Dataset entries
BEGIN

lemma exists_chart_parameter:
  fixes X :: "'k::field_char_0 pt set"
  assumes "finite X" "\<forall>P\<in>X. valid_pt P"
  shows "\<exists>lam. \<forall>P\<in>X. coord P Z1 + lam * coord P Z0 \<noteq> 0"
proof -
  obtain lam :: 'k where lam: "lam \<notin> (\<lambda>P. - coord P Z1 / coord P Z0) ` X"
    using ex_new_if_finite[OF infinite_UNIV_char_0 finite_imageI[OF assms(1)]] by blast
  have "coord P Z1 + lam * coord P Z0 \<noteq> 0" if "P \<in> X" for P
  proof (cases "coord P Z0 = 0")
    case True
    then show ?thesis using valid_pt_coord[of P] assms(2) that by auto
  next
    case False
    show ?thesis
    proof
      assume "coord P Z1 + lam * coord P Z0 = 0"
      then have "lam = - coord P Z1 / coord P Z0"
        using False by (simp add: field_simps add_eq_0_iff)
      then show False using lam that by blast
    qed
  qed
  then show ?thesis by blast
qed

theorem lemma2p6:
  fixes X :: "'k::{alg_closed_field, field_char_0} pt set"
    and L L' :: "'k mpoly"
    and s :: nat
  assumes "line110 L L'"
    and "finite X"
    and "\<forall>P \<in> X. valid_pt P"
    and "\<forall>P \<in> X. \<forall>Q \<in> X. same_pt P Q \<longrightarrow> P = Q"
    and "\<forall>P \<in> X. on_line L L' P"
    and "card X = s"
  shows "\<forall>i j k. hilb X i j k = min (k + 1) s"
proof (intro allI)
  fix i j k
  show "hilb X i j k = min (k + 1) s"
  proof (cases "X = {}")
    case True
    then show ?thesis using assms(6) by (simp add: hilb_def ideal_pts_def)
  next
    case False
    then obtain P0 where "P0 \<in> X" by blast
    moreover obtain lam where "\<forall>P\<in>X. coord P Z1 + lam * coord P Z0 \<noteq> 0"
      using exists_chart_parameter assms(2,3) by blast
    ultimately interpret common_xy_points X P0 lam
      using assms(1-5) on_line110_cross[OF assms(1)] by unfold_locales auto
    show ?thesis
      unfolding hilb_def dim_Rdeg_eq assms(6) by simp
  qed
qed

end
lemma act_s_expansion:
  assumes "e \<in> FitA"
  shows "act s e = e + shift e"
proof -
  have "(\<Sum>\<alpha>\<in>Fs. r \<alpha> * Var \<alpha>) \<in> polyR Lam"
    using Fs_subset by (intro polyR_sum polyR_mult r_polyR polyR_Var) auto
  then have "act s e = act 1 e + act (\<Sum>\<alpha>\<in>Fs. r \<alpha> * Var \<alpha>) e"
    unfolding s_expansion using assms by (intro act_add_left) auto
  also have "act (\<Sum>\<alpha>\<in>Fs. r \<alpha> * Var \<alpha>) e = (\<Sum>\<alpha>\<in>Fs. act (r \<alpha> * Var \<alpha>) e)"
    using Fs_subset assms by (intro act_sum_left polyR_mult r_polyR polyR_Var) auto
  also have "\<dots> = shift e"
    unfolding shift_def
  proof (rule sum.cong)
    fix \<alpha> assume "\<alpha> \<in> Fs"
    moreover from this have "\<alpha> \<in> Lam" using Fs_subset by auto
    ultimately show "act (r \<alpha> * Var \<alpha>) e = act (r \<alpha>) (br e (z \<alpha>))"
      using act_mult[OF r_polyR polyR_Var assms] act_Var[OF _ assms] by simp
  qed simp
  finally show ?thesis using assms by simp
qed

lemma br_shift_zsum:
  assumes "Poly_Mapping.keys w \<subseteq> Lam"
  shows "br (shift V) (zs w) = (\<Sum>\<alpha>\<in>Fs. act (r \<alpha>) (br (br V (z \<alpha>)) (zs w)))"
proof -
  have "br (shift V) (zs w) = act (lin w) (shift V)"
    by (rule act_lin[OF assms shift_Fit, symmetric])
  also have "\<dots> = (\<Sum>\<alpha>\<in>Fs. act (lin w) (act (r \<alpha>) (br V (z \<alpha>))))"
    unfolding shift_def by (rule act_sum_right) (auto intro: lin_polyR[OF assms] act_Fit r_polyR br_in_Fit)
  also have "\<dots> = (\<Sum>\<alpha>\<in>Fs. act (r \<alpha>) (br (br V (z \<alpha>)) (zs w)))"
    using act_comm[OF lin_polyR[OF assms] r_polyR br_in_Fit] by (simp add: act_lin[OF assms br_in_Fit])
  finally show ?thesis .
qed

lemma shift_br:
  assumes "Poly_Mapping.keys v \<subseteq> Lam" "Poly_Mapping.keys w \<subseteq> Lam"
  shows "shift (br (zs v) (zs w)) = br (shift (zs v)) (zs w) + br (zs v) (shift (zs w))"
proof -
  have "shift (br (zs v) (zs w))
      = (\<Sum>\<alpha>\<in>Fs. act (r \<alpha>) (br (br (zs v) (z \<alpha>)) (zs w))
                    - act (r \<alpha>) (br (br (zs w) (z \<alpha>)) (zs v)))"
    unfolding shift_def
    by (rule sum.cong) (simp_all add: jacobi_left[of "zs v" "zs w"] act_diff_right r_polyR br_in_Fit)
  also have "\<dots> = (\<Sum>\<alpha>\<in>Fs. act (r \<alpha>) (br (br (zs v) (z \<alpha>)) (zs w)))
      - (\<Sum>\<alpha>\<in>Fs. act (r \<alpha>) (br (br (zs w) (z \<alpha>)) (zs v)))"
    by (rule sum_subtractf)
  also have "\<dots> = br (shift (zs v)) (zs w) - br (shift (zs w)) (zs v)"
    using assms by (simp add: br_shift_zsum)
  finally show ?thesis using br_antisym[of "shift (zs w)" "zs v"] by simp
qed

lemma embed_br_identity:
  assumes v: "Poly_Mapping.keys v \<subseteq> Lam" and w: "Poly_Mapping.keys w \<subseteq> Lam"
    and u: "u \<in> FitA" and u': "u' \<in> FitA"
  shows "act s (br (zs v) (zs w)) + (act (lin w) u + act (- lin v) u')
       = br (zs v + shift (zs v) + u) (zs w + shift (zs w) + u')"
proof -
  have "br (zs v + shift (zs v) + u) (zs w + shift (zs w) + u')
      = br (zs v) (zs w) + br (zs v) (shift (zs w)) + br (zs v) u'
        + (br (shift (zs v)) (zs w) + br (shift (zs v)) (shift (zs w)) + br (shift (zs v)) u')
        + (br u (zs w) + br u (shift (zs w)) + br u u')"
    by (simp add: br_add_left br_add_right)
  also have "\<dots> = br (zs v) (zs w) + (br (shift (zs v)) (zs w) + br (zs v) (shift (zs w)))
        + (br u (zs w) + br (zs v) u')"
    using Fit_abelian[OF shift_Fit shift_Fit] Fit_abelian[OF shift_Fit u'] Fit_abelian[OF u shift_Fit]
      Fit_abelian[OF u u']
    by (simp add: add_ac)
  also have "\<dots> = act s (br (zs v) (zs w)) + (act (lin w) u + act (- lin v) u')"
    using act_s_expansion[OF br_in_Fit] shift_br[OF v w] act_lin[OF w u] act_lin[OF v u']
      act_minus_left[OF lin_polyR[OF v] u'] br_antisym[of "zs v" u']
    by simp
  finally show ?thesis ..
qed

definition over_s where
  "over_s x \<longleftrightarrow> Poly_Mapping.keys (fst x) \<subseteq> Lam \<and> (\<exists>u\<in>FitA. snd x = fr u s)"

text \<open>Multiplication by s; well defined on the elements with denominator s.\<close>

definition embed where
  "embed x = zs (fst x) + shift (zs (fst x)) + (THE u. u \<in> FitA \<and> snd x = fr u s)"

END
BEGIN

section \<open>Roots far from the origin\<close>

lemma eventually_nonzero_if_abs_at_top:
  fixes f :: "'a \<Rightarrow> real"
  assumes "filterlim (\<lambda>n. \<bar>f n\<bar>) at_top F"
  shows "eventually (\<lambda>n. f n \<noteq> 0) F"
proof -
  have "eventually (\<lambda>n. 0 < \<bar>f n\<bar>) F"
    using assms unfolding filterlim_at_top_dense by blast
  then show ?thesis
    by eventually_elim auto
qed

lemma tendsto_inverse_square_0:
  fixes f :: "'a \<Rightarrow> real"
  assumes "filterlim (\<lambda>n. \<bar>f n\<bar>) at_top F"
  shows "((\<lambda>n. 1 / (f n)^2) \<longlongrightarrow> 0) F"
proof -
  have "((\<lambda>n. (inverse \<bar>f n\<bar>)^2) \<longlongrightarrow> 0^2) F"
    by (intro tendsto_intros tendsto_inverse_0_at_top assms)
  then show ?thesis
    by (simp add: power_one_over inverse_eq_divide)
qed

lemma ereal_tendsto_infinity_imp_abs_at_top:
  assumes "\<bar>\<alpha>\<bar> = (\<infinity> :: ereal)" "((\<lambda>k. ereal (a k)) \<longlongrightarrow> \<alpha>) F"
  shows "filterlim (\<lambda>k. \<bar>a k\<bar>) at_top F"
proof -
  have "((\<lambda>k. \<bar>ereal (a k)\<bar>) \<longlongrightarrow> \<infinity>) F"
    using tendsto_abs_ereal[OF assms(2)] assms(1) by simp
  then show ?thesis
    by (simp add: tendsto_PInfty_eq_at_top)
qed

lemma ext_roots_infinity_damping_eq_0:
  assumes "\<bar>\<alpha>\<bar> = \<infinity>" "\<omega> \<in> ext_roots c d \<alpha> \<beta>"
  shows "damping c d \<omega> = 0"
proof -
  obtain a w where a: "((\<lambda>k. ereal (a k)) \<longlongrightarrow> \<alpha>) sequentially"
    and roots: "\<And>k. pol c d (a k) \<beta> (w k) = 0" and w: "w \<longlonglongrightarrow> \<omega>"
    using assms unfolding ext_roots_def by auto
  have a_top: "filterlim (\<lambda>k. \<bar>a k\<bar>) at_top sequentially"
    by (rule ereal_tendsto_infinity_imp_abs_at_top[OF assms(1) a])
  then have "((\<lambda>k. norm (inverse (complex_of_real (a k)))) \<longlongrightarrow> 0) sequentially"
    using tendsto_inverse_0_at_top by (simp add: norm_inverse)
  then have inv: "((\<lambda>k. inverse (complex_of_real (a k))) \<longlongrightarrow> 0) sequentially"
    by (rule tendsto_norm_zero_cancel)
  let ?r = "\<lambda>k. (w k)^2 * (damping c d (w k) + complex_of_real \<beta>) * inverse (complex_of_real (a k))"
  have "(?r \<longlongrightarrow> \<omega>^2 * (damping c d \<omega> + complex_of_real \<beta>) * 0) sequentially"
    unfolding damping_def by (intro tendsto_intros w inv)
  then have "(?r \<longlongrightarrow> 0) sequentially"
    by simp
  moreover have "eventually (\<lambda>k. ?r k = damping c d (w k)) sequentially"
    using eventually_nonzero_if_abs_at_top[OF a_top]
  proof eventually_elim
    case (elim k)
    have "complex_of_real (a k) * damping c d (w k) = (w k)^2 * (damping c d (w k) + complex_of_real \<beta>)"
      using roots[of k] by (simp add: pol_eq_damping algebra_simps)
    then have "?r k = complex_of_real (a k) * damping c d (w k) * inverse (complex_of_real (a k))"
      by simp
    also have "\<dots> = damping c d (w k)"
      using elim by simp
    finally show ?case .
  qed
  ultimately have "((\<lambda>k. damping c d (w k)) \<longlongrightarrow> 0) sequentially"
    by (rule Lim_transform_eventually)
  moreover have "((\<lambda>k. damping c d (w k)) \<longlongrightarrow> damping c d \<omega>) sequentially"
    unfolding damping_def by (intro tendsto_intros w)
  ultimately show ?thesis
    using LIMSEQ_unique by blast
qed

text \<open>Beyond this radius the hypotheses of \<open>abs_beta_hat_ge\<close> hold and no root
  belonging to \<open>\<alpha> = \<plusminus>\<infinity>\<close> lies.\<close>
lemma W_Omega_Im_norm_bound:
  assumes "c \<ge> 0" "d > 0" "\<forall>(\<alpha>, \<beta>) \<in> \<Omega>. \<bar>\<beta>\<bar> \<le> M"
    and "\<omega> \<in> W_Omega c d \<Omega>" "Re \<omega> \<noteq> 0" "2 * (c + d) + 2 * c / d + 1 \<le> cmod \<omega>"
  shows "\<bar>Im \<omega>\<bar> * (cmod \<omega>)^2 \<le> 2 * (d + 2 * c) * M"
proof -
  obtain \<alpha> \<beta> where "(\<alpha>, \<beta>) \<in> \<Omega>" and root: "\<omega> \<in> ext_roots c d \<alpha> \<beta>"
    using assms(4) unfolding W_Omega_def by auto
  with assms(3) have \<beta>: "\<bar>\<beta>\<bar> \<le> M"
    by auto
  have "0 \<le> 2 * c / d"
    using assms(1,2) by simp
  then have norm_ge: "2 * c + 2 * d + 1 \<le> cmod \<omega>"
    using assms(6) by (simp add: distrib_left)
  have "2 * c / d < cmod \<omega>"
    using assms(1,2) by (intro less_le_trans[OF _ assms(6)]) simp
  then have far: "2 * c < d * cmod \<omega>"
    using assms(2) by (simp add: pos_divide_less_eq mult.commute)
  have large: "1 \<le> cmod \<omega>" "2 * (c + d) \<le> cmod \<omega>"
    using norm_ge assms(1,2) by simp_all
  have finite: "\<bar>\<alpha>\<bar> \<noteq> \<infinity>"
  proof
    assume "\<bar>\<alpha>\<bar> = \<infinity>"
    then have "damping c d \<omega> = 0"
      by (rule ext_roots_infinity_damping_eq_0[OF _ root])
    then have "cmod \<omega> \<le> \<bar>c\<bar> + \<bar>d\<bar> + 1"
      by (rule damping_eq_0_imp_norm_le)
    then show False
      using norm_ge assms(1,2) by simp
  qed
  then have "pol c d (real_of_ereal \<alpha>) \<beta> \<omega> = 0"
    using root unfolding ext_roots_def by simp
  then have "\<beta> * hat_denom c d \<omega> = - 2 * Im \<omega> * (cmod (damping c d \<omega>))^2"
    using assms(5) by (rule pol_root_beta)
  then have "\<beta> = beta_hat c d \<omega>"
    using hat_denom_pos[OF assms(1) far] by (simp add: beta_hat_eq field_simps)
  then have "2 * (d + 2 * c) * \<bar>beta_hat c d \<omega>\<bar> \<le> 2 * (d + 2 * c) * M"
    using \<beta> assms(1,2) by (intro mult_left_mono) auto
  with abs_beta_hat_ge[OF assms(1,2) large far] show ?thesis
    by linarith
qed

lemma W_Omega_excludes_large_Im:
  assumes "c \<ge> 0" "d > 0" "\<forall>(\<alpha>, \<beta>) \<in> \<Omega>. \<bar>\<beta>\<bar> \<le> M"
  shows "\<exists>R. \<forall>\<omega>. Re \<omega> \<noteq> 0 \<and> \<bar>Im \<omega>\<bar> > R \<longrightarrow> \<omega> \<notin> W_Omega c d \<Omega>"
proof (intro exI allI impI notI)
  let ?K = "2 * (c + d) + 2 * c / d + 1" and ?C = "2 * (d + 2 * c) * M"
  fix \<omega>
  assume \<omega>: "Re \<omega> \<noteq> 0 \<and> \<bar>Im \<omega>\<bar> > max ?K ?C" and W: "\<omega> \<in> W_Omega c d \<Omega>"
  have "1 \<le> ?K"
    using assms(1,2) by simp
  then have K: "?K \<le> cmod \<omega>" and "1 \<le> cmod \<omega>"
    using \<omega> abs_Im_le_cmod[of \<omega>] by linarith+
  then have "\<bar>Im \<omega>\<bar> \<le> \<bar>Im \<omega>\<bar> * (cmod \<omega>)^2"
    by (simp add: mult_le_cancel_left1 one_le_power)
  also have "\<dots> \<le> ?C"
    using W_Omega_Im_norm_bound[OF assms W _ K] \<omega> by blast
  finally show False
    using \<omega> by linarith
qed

END

The problem
The required output is every line above from the one with "then show ?thesis using assms(6)" down to the one with "using Fs_subset by (intro", restated word for word, ends included.

Solution for this exercise
    then show ?thesis using assms(6) by (simp add: hilb_def ideal_pts_def)
  next
    case False
    then obtain P0 where "P0 \<in> X" by blast
    moreover obtain lam where "\<forall>P\<in>X. coord P Z1 + lam * coord P Z0 \<noteq> 0"
      using exists_chart_parameter assms(2,3) by blast
    ultimately interpret common_xy_points X P0 lam
      using assms(1-5) on_line110_cross[OF assms(1)] by unfold_locales auto
    show ?thesis
      unfolding hilb_def dim_Rdeg_eq assms(6) by simp
  qed
qed

end
lemma act_s_expansion:
  assumes "e \<in> FitA"
  shows "act s e = e + shift e"
proof -
  have "(\<Sum>\<alpha>\<in>Fs. r \<alpha> * Var \<alpha>) \<in> polyR Lam"
    using Fs_subset by (intro polyR_sum polyR_mult r_polyR polyR_Var) auto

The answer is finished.